Faits et procédure. Après avoir précisé les conditions de la gestion d’affaires il y a quelques mois (Cass. civ. 1, 18 novembre 2020, n° 19-10.965, F-P+B N° Lexbase : A508537H), la Cour de cassation précise aujourd’hui les effets de ce quasi-contrat aujourd’hui régi par les articles 1301 N° Lexbase : L0951KZA à 1301-5 N° Lexbase : L0641KZR du Code civil.
En l’espèce, le syndic d’un immeuble avait accepté un devis et avait par la suite demandé au co-contractant que la facture soit établie au nom du bénéficiaire de la prestation. Le syndic n’entendait ainsi pas s’acquitter du paiement de la facture. Le bénéficiaire étant en liquidation judiciaire, c’est vers le syndic que le créancier se tourna pour obtenir le paiement de sa créance, syndic qui invoqua l’existence d’une gestion d’affaires pour s’opposer au paiement. La caractérisation de la gestion d’affaires n’était pas en cause, seuls l’étaient ses effets à l’égard des tiers. La révélation postérieure à la conclusion du contrat du nom du maître de l’affaire opère-t-elle une substitution de débiteur ? L’enjeu est de taille et la cour d’appel (CA Paris, 25 mai 2020, n° 19/00104 N° Lexbase : A11523MM) avait procédé à une distinction selon la date des factures, considérant qu’à compter de la révélation du nom du maître de l’affaire, le gérant d’affaires n’était plus tenu de payer les factures.

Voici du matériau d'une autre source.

(* Let $M$ be an $n\times n$ primitive Boolean matrix with Boolean rank $b(M)=2$. Then $k(M)=2$ if and only if $M$ has a Boolean rank factorization $M=AB$ (with $A$ an $n\times 2$ and $B$ a $2\times n$ Boolean matrix) such that: (i) $BA=W_2$ or $BA=J_2$, where $W_2=\left[\begin{array}{cc}1&1\\1&0\end{array}\right]$ and $J_2=\left[\begin{array}{cc}1&1\\1&1\end{array}\right]$; (ii) some row of $A$ equals $e_1^t(2)$ and some row of $A$ equals $e_2^t(2)$; (iii) no column of $B$ equals $e_1(2)+e_2(2)$.
   Context: Boolean matrices are $(0,1)$-matrices with Boolean arithmetic ($1+1=1$). A square Boolean matrix is primitive if some power has all entries $1$; its scrambling index $k(M)$ is the smallest positive integer $k$ such that any two rows of $M^k$ have a $1$ in a common position (equivalently $M^k(M^t)^k=J$). The Boolean rank $b(M)$ is the smallest $b$ with $M=AB$, $A$ of size $n\times b$ and $B$ of size $b\times n$ Boolean; such a factorization is a Boolean rank factorization. $e_i(2)$ denotes the $i$th column of the $2\times 2$ identity matrix. *)

theory Defs
  imports Main
begin

text \<open>Boolean matrices are represented as functions nat => nat => bool;
  dimensions are carried explicitly and only entries with in-range indices matter.\<close>

definition bmult :: "nat \<Rightarrow> (nat \<Rightarrow> nat \<Rightarrow> bool) \<Rightarrow> (nat \<Rightarrow> nat \<Rightarrow> bool) \<Rightarrow> (nat \<Rightarrow> nat \<Rightarrow> bool)" where
  "bmult m A B = (\<lambda>i j. \<exists>k<m. A i k \<and> B k j)"

fun bpow :: "nat \<Rightarrow> (nat \<Rightarrow> nat \<Rightarrow> bool) \<Rightarrow> nat \<Rightarrow> (nat \<Rightarrow> nat \<Rightarrow> bool)" where
  "bpow n M 0 = (\<lambda>i j. i = j)"
| "bpow n M (Suc k) = bmult n (bpow n M k) M"

definition primitive :: "nat \<Rightarrow> (nat \<Rightarrow> nat \<Rightarrow> bool) \<Rightarrow> bool" where
  "primitive n M = (\<exists>k>0. \<forall>i<n. \<forall>j<n. bpow n M k i j)"

definition scrambles :: "nat \<Rightarrow> (nat \<Rightarrow> nat \<Rightarrow> bool) \<Rightarrow> nat \<Rightarrow> bool" where
  "scrambles n M k = (\<forall>i<n. \<forall>j<n. \<exists>l<n. bpow n M k i l \<and> bpow n M k j l)"

definition scrambling_index :: "nat \<Rightarrow> (nat \<Rightarrow> nat \<Rightarrow> bool) \<Rightarrow> nat" where
  "scrambling_index n M = (LEAST k. k > 0 \<and> scrambles n M k)"

definition is_bfact :: "nat \<Rightarrow> nat \<Rightarrow> (nat \<Rightarrow> nat \<Rightarrow> bool) \<Rightarrow> (nat \<Rightarrow> nat \<Rightarrow> bool) \<Rightarrow> (nat \<Rightarrow> nat \<Rightarrow> bool) \<Rightarrow> bool" where
  "is_bfact n b M A B = (\<forall>i<n. \<forall>j<n. M i j = bmult b A B i j)"

definition boolean_rank :: "nat \<Rightarrow> (nat \<Rightarrow> nat \<Rightarrow> bool) \<Rightarrow> nat" where
  "boolean_rank n M = (LEAST b. \<exists>A B. is_bfact n b M A B)"

definition W2 :: "nat \<Rightarrow> nat \<Rightarrow> bool" where
  "W2 = (\<lambda>i j. \<not> (i = 1 \<and> j = 1))"

definition J2 :: "nat \<Rightarrow> nat \<Rightarrow> bool" where
  "J2 = (\<lambda>i j. True)"

definition mat2_eq :: "(nat \<Rightarrow> nat \<Rightarrow> bool) \<Rightarrow> (nat \<Rightarrow> nat \<Rightarrow> bool) \<Rightarrow> bool" where
  "mat2_eq X Y = (\<forall>i<2. \<forall>j<2. X i j = Y i j)"

end

theory Submission
  imports Defs
begin

text \<open>Write \<open>M = AB\<close> with \<open>A\<close> of size \<open>n \<times> 2\<close>: row \<open>i\<close> of \<open>M\<close> is the union of the rows of \<open>B\<close>
  selected by row \<open>i\<close> of \<open>A\<close>. Hence two rows of \<open>M\<close> are disjoint, i.e. \<open>k(M) > 1\<close>, exactly when
  they come from rows \<open>e\<^sub>1\<^sup>t\<close> and \<open>e\<^sub>2\<^sup>t\<close> of \<open>A\<close> and no column of \<open>B\<close> is \<open>e\<^sub>1 + e\<^sub>2\<close>.
  Primitivity forbids the walks from an \<open>e\<^sub>1\<^sup>t\<close>-row to stay inside the support of row 1 of \<open>B\<close>,
  which forces \<open>(BA)\<^sub>1\<^sub>2 = 1\<close>, and symmetrically \<open>(BA)\<^sub>2\<^sub>1 = 1\<close>. A common column of the
  \<open>e\<^sub>1\<^sup>t\<close>- and \<open>e\<^sub>2\<^sup>t\<close>-rows of \<open>M\<^sup>2\<close> yields \<open>(BA)\<^sub>1\<^sub>1 = 1\<close> or \<open>(BA)\<^sub>2\<^sub>2 = 1\<close>; swapping
  the two factors if necessary gives \<open>BA \<in> {W\<^sub>2, J\<^sub>2}\<close>. Conversely, \<open>(BA)\<^sub>1\<^sub>1 = (BA)\<^sub>2\<^sub>1 = 1\<close> makes
  every column in the support of row 1 of \<open>B\<close> a column of ones in \<open>M\<^sup>2\<close>.\<close>

lemma bpow_2: "i < n \<Longrightarrow> bpow n M 2 i j = (\<exists>k<n. M i k \<and> M k j)"
  by (auto simp: bmult_def numeral_2_eq_2)

lemma scrambles_1_iff: "scrambles n M 1 \<longleftrightarrow> (\<forall>i<n. \<forall>j<n. \<exists>l<n. M i l \<and> M j l)"
  unfolding scrambles_def by (simp add: bmult_def cong: imp_cong)

lemma scrambles_2_iff:
  "scrambles n M 2 \<longleftrightarrow>
    (\<forall>i<n. \<forall>j<n. \<exists>l<n. (\<exists>k<n. M i k \<and> M k l) \<and> (\<exists>k<n. M j k \<and> M k l))"
  unfolding scrambles_def by (simp add: bpow_2 cong: imp_cong)

lemma scrambling_index_eq_2_iff:
  assumes "\<exists>k>0. scrambles n M k"
  shows "scrambling_index n M = 2 \<longleftrightarrow> scrambles n M 2 \<and> \<not> scrambles n M 1"
proof
  assume "scrambling_index n M = 2"
  then show "scrambles n M 2 \<and> \<not> scrambles n M 1"
    using LeastI_ex[OF assms] Least_le[of "\<lambda>k. k > 0 \<and> scrambles n M k" 1]
    by (auto simp: scrambling_index_def)
next
  assume two: "scrambles n M 2 \<and> \<not> scrambles n M 1"
  show "scrambling_index n M = 2"
    unfolding scrambling_index_def
  proof (rule Least_equality)
    fix k assume "0 < k \<and> scrambles n M k"
    with two show "2 \<le> k" by (cases "k = 1") auto
  qed (use two in simp)
qed

lemma primitive_scrambles: "primitive n M \<Longrightarrow> \<exists>k>0. scrambles n M k"
  by (auto simp: primitive_def scrambles_def)

lemma primitive_forward_closed:
  assumes "primitive n M" and "i < n" and "j < n"
    and start: "\<forall>l<n. M i l \<longrightarrow> l \<in> S"
    and closed: "\<forall>k<n. k \<in> S \<longrightarrow> (\<forall>l<n. M k l \<longrightarrow> l \<in> S)"
  shows "j \<in> S"
proof -
  have walk: "l \<in> S" if "l < n" "bpow n M (Suc m) i l" for m l
    using that
  proof (induction m arbitrary: l)
    case 0
    then show ?case using start \<open>i < n\<close> by (auto simp: bmult_def)
  next
    case (Suc m)
    then obtain k where "k < n" "bpow n M (Suc m) i k" "M k l"
      by (auto simp: bmult_def)
    then show ?case using Suc.IH Suc.prems closed by blast
  qed
  obtain m where "\<forall>i<n. \<forall>j<n. bpow n M (Suc m) i j"
    using \<open>primitive n M\<close> by (auto simp: primitive_def gr0_conv_Suc)
  then show ?thesis
    using walk \<open>i < n\<close> \<open>j < n\<close> by blast
qed

lemma primitive_row_nonzero:
  assumes "primitive n M" and "i < n"
  shows "\<exists>j<n. M i j"
  using primitive_forward_closed[OF assms assms(2), of "{}"] by auto

lemma boolean_rank_bfact: "\<exists>A B. is_bfact n (boolean_rank n M) M A B"
proof -
  have identity: "is_bfact n n M M (\<lambda>k j. k = j)"
    by (auto simp: is_bfact_def bmult_def)
  show ?thesis
    unfolding boolean_rank_def by (rule LeastI_ex) (use identity in blast)
qed

lemma boolean_rank_le: "is_bfact n b M A B \<Longrightarrow> boolean_rank n M \<le> b"
  unfolding boolean_rank_def by (rule Least_le) blast

lemma bfact2_entry:
  "is_bfact n 2 M A B \<Longrightarrow> i < n \<Longrightarrow> j < n \<Longrightarrow>
    M i j \<longleftrightarrow> (A i 0 \<and> B 0 j) \<or> (A i 1 \<and> B 1 j)"
  unfolding is_bfact_def bmult_def by (auto simp: less_2_cases_iff)

lemma bfact2_swap:
  "is_bfact n 2 M A B \<Longrightarrow> is_bfact n 2 M (\<lambda>i u. A i (1 - u)) (\<lambda>u j. B (1 - u) j)"
  unfolding is_bfact_def bmult_def by (auto simp: less_2_cases_iff)

lemma bmult_swap:
  "bmult n (\<lambda>u j. B (1 - u) j) (\<lambda>i u. A i (1 - u)) u v = bmult n B A (1 - u) (1 - v)"
  by (simp add: bmult_def)

lemma mat2_eq_W2_or_J2_iff:
  "mat2_eq X W2 \<or> mat2_eq X J2 \<longleftrightarrow> X 0 0 \<and> X 0 1 \<and> X 1 0"
  by (auto simp: mat2_eq_def W2_def J2_def less_2_cases_iff)

lemma bfact2_rank_2_row_nonempty:
  assumes f: "is_bfact n 2 M A B" and rank: "boolean_rank n M = 2" and "u < 2"
  shows "\<exists>j<n. B u j"
proof (rule ccontr)
  assume "\<not> (\<exists>j<n. B u j)"
  then have "is_bfact n 1 M (\<lambda>i _. A i (1 - u)) (\<lambda>_ j. B (1 - u) j)"
    using bfact2_entry[OF f] \<open>u < 2\<close>
    by (auto simp: is_bfact_def bmult_def less_2_cases_iff)
  then have "boolean_rank n M \<le> 1" by (rule boolean_rank_le)
  with rank show False by simp
qed

lemma primitive_bfact2_row_nonzero:
  "primitive n M \<Longrightarrow> is_bfact n 2 M A B \<Longrightarrow> i < n \<Longrightarrow> A i 0 \<or> A i 1"
  using primitive_row_nonzero[of n M i] bfact2_entry[of n M A B i] by auto

lemma primitive_bfact2_BA_01:
  assumes p: "primitive n M" and f: "is_bfact n 2 M A B"
    and "i < n" "\<not> A i 1" and "j < n" "\<not> B 0 j"
  shows "bmult n B A 0 1"
proof (rule ccontr)
  assume no_BA_01: "\<not> bmult n B A 0 1"
  have "B 0 l" if "k < n" "B 0 k" "l < n" "M k l" for k l
  proof -
    have "\<not> A k 1" using that(1,2) no_BA_01 by (auto simp: bmult_def)
    then show ?thesis using bfact2_entry[OF f that(1,3)] that(4) by blast
  qed
  then have "\<forall>k<n. k \<in> {l. B 0 l} \<longrightarrow> (\<forall>l<n. M k l \<longrightarrow> l \<in> {l. B 0 l})"
    by blast
  moreover have "\<forall>l<n. M i l \<longrightarrow> l \<in> {l. B 0 l}"
    using bfact2_entry[OF f \<open>i < n\<close>] \<open>\<not> A i 1\<close> by auto
  ultimately show False
    using primitive_forward_closed[OF p \<open>i < n\<close> \<open>j < n\<close>, of "{l. B 0 l}"] \<open>\<not> B 0 j\<close> by blast
qed

lemma bfact2_unit_rows_if_not_scrambles_1:
  assumes f: "is_bfact n 2 M A B" and rows_A: "\<forall>i<n. A i 0 \<or> A i 1"
    and rows_B: "\<forall>u<2. \<exists>j<n. B u j" and "\<not> scrambles n M 1"
  shows "(\<exists>i<n. A i 0 \<and> \<not> A i 1) \<and> (\<exists>i<n. \<not> A i 0 \<and> A i 1) \<and> \<not> (\<exists>j<n. B 0 j \<and> B 1 j)"
proof -
  obtain p q where pq: "p < n" "q < n" "\<forall>l<n. \<not> (M p l \<and> M q l)"
    using \<open>\<not> scrambles n M 1\<close> unfolding scrambles_1_iff by blast
  have no_full_column: "\<not> (\<exists>j<n. B 0 j \<and> B 1 j)"
    using pq rows_A bfact2_entry[OF f pq(1)] bfact2_entry[OF f pq(2)] by blast
  have "\<not> (A p u \<and> A q u)" if u: "u < 2" for u
  proof
    assume "A p u \<and> A q u"
    moreover obtain j where "j < n" "B u j" using rows_B u by blast
    ultimately have "M p j \<and> M q j"
      using bfact2_entry[OF f pq(1) \<open>j < n\<close>] bfact2_entry[OF f pq(2) \<open>j < n\<close>] u
      by (auto simp: less_2_cases_iff)
    then show False using pq \<open>j < n\<close> by blast
  qed
  from this[of 0] this[of 1] show ?thesis
    using no_full_column rows_A pq(1,2) by auto
qed

lemma bfact2_BA_diag_if_scrambles_2:
  assumes f: "is_bfact n 2 M A B" and "scrambles n M 2"
    and i: "i < n" "\<not> A i 1" and i': "i' < n" "\<not> A i' 0"
    and no_full_column: "\<not> (\<exists>j<n. B 0 j \<and> B 1 j)"
  shows "bmult n B A 0 0 \<or> bmult n B A 1 1"
proof -
  obtain l k k' where "l < n" "k < n" "k' < n"
    and walks: "M i k" "M k l" "M i' k'" "M k' l"
    using \<open>scrambles n M 2\<close> i(1) i'(1) unfolding scrambles_2_iff by blast
  have "B 0 k" "B 1 k'"
    using bfact2_entry[OF f i(1) \<open>k < n\<close>] bfact2_entry[OF f i'(1) \<open>k' < n\<close>] walks i i'
    by blast+
  show ?thesis
  proof (cases "B 0 l")
    case True
    then have "A k 0"
      using walks(2) bfact2_entry[OF f \<open>k < n\<close> \<open>l < n\<close>] no_full_column \<open>l < n\<close> by blast
    then show ?thesis using \<open>B 0 k\<close> \<open>k < n\<close> by (auto simp: bmult_def)
  next
    case False
    then have "A k' 1"
      using walks(4) bfact2_entry[OF f \<open>k' < n\<close> \<open>l < n\<close>] by blast
    then show ?thesis using \<open>B 1 k'\<close> \<open>k' < n\<close> by (auto simp: bmult_def)
  qed
qed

Solution. L’arrêt d’appel est cassé au visa des anciens articles 1372 N° Lexbase : L1478ABD et 1375 N° Lexbase : L1481ABH du Code civil. Les effets de la gestion d’affaires à l’égard des tiers sont précisés. En effet, la Cour de cassation précise que « il résulte de ces textes que le gérant d’affaires qui contracte avec un tiers dans l’intérêt du maître de l’affaire, mais en son nom personnel, est personnellement tenu de l’exécution des obligations du contrat, même après la révélation de l’identité du maître de l’affaire, laquelle n’a pas pour effet de substituer ce dernier au gérant d’affaires dans l’exécution du contrat conclu, et que le maître dont l’affaire a été bien administrée doit rembourser au gérant toutes les dépenses utiles ou nécessaires qu’il a faites ». S’agissant des relations entre le gérant d’affaires et le tiers : lorsque le gérant d’affaires a agi en son nom, sans révéler l’identité du maître de l’affaire, seul lui est tenu envers le tiers. La révélation ultérieure du nom du maître de l’affaire est sans incidence. Autrement dit, aucune substitution de débiteur ne saurait être imposée au tiers. Quant aux relations entre le gérant d’affaires et le maître de l’affaire : l’obligation du gérant d’affaires lui ouvre un recours en remboursement contre le maître de l’affaire. À noter que la solution a été rendue sous l’empire des textes antérieurs à la réforme du droit des contrats de 2016. Leur pérennité devra être tranchée par la Cour de cassation. En effet, la distinction entre le gérant agissant au nom et pour le compte du maître de l’affaire et le gérant agissant en son propre nom n’apparaît désormais plus.